Enhancement of titanium dioxide (TiO2) dye-sensitized solar cells (DSSCs) performance with incorporation of reduced graphene oxide (rGO)

The purpose of this thesis is to investigate the structural, optical and electrical properties of titanium dioxide (TiO2) dye-sensitized solar cells (DSSCs) with the incorporation of reduced graphene oxide (rGO). In this experiment, rGO from electrochemical exfoliation, was deposited onto few fluorine-doped tin-oxide (FTO) substrat through spray pyrolysis deposition (SPD) method with different rGO volumes. Then, all the fabricated FTOs went through rutile-phase TiO2 (r-TiO2) with hydrothermal synthesis. From DSSCs analysis, 0.50 mL of rGO volume exhibited the best photovoltaic (PV) performance with the efficiency of 2.61% and open-circuit voltage of 0.70 V. The successful synthesis of rGO, incorporated with TiO2 was confirmed using Raman spectroscopy. The analysis of the samples was done using X-ray diffraction, field emission scanning electron microscopy, ultraviolet-visible spectrophotometry, and incident photon-to-carrier conversion efficiency spectra.
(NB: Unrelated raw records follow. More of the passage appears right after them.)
lemma dipath_in_topspace: "dipath X le p \<Longrightarrow> t \<in> {0..1} \<Longrightarrow> p t \<in> topspace X"
  unfolding dipath_def continuous_map_def by auto

lemma dipath_mono: "dipath X le p \<Longrightarrow> 0 \<le> s \<Longrightarrow> s \<le> t \<Longrightarrow> t \<le> 1 \<Longrightarrow> le (p s) (p t)"
  unfolding dipath_def by auto

lemma continuous_map_compose_on:
  assumes "continuous_map (top_of_set {0..1}) X p" "continuous_on S \<phi>" "\<phi> ` S \<subseteq> {0..1}"
  shows "continuous_map (top_of_set S) X (\<lambda>t. p (\<phi> t))"
proof -
  have "continuous_map (top_of_set S) (top_of_set {0..1}) \<phi>"
    using assms(2,3) by auto
  from continuous_map_compose[OF this assms(1)] show ?thesis by (simp add: o_def)
qed

lemma dipath_cong:
  assumes p: "dipath X le p" and q: "\<And>t. t \<in> {0..1} \<Longrightarrow> q t = p t"
  shows "dipath X le q"
proof -
  have "continuous_map (top_of_set {0..1}) X q"
    by (rule continuous_map_eq[of _ _ p]) (use p q in \<open>auto simp: dipath_def\<close>)
  then show ?thesis using p q unfolding dipath_def by simp
qed

lemma dipath_compose:
  assumes p: "dipath X le p" and \<phi>: "continuous_on {0..1} \<phi>" "\<phi> ` {0..1} \<subseteq> {0..1}" "mono_on {0..1} \<phi>"
  shows "dipath X le (\<lambda>t. p (\<phi> t))"
proof -
  have "continuous_map (top_of_set {0..1}) X (\<lambda>t. p (\<phi> t))"
    using p \<phi>(1,2) continuous_map_compose_on unfolding dipath_def by blast
  moreover have "le (p (\<phi> s)) (p (\<phi> t))" if "0 \<le> s" "s \<le> t" "t \<le> 1" for s t
    using \<phi>(2,3) that by (intro dipath_mono[OF p]) (auto simp: mono_on_def image_subset_iff)
  ultimately show ?thesis unfolding dipath_def by simp
qed

lemma dipath_const: "pospace X le \<Longrightarrow> x \<in> topspace X \<Longrightarrow> dipath X le (\<lambda>t. x)"
  unfolding dipath_def by (simp add: pospace_refl continuous_map_const)

lemma continuous_map_pjoin:
  assumes p: "continuous_map (top_of_set {0..1}) X p" and q: "continuous_map (top_of_set {0..1}) X q"
    and pq: "p 1 = q 0"
  shows "continuous_map (top_of_set {0..1}) X (pjoin p q)"
  unfolding pjoin_def
proof (rule continuous_map_cases_le)
  have "continuous_map (top_of_set ({0..1} \<inter> {x. x \<in> {0..1} \<and> x \<le> 1/2})) X (\<lambda>t. p (2 * t))"
    by (rule continuous_map_compose_on[OF p]) (auto intro!: continuous_intros)
  then show "continuous_map (subtopology (top_of_set {0..1}) {x \<in> topspace (top_of_set {0..1}). x \<le> 1/2})
      X (\<lambda>t. p (2 * t))"
    by (simp add: subtopology_subtopology)
  have "continuous_map (top_of_set ({0..1} \<inter> {x. x \<in> {0..1} \<and> 1/2 \<le> x})) X (\<lambda>t. q (2 * t - 1))"
    by (rule continuous_map_compose_on[OF q]) (auto intro!: continuous_intros)
  then show "continuous_map (subtopology (top_of_set {0..1}) {x \<in> topspace (top_of_set {0..1}). 1/2 \<le> x})
      X (\<lambda>t. q (2 * t - 1))"
    by (simp add: subtopology_subtopology)
  show "p (2 * t) = q (2 * t - 1)" if "t = 1/2" for t
    unfolding that using pq by simp
qed simp_all

lemma dipath_pjoin:
  assumes pos: "pospace X le" and p: "dipath X le p" and q: "dipath X le q" and pq: "p 1 = q 0"
  shows "dipath X le (pjoin p q)"
proof -
  have "le (pjoin p q s) (pjoin p q t)" if "0 \<le> s" "s \<le> t" "t \<le> 1" for s t
  proof -
    consider "t \<le> 1/2" | "s \<le> 1/2" "1/2 < t" | "1/2 < s" using that by linarith
    then show ?thesis
    proof cases
      case 1
      then show ?thesis using that dipath_mono[OF p, of "2 * s" "2 * t"] by (simp add: pjoin_def)
    next
      case 2
      have "le (p (2 * s)) (p 1)" "le (p 1) (q (2 * t - 1))"
        using 2 that dipath_mono[OF p, of "2 * s" 1] dipath_mono[OF q, of 0 "2 * t - 1"] pq by auto
      moreover have "p (2 * s) \<in> topspace X" "p 1 \<in> topspace X" "q (2 * t - 1) \<in> topspace X"
        using 2 that dipath_in_topspace[OF p] dipath_in_topspace[OF q] by auto
      ultimately have "le (p (2 * s)) (q (2 * t - 1))"
        using pospace_trans[OF pos] by blast
      then show ?thesis using 2 by (simp add: pjoin_def)
    next
      case 3
      then show ?thesis
        using that dipath_mono[OF q, of "2 * s - 1" "2 * t - 1"] by (simp add: pjoin_def)
    qed
  qed
  moreover have "continuous_map (top_of_set {0..1}) X (pjoin p q)"
    using p q pq by (intro continuous_map_pjoin) (auto simp: dipath_def)
  ultimately show ?thesis unfolding dipath_def by blast
qed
Then, another rGO which was produced through Hummers method, was incorporated into anatase-phase TiO2 (a-TiO2) as nanocomposite (NC) mixture. After that, through SPD method, the NC mixture was deposited onto few FTOs. The a-TiO2 was produced by adding TKC-302 into TiO2 P25 powder. The NC mixture samples significantly contributed towards the improvement of efficiency, when compared with samples without rGO. When 2 mL of rGO was added into a-TiO2, PV performance achieved the highest efficiency of 3.15% and current density of 5.98 mA/cm2. Finally, the combination of rGO and a-TiO2 NC mixture, was overlayered onto r-TiO2. The 2 mL of rGO/a-TiO2 NC mixture which was deposited through SPD onto r-TiO2, exhibited the best PV performance with the highest efficiency of 5.72% and the current density of 10.37 mA/cm2. The rGO acted as an important material, to maximise the photogenerated electrons of photo-induced charge carriers. The photogenerated electrons from dyes transferred through r-TiO2, effectively traveled out to the circuit load, which underwent recombination with holes in the solar cells with enhancement of rGO functions.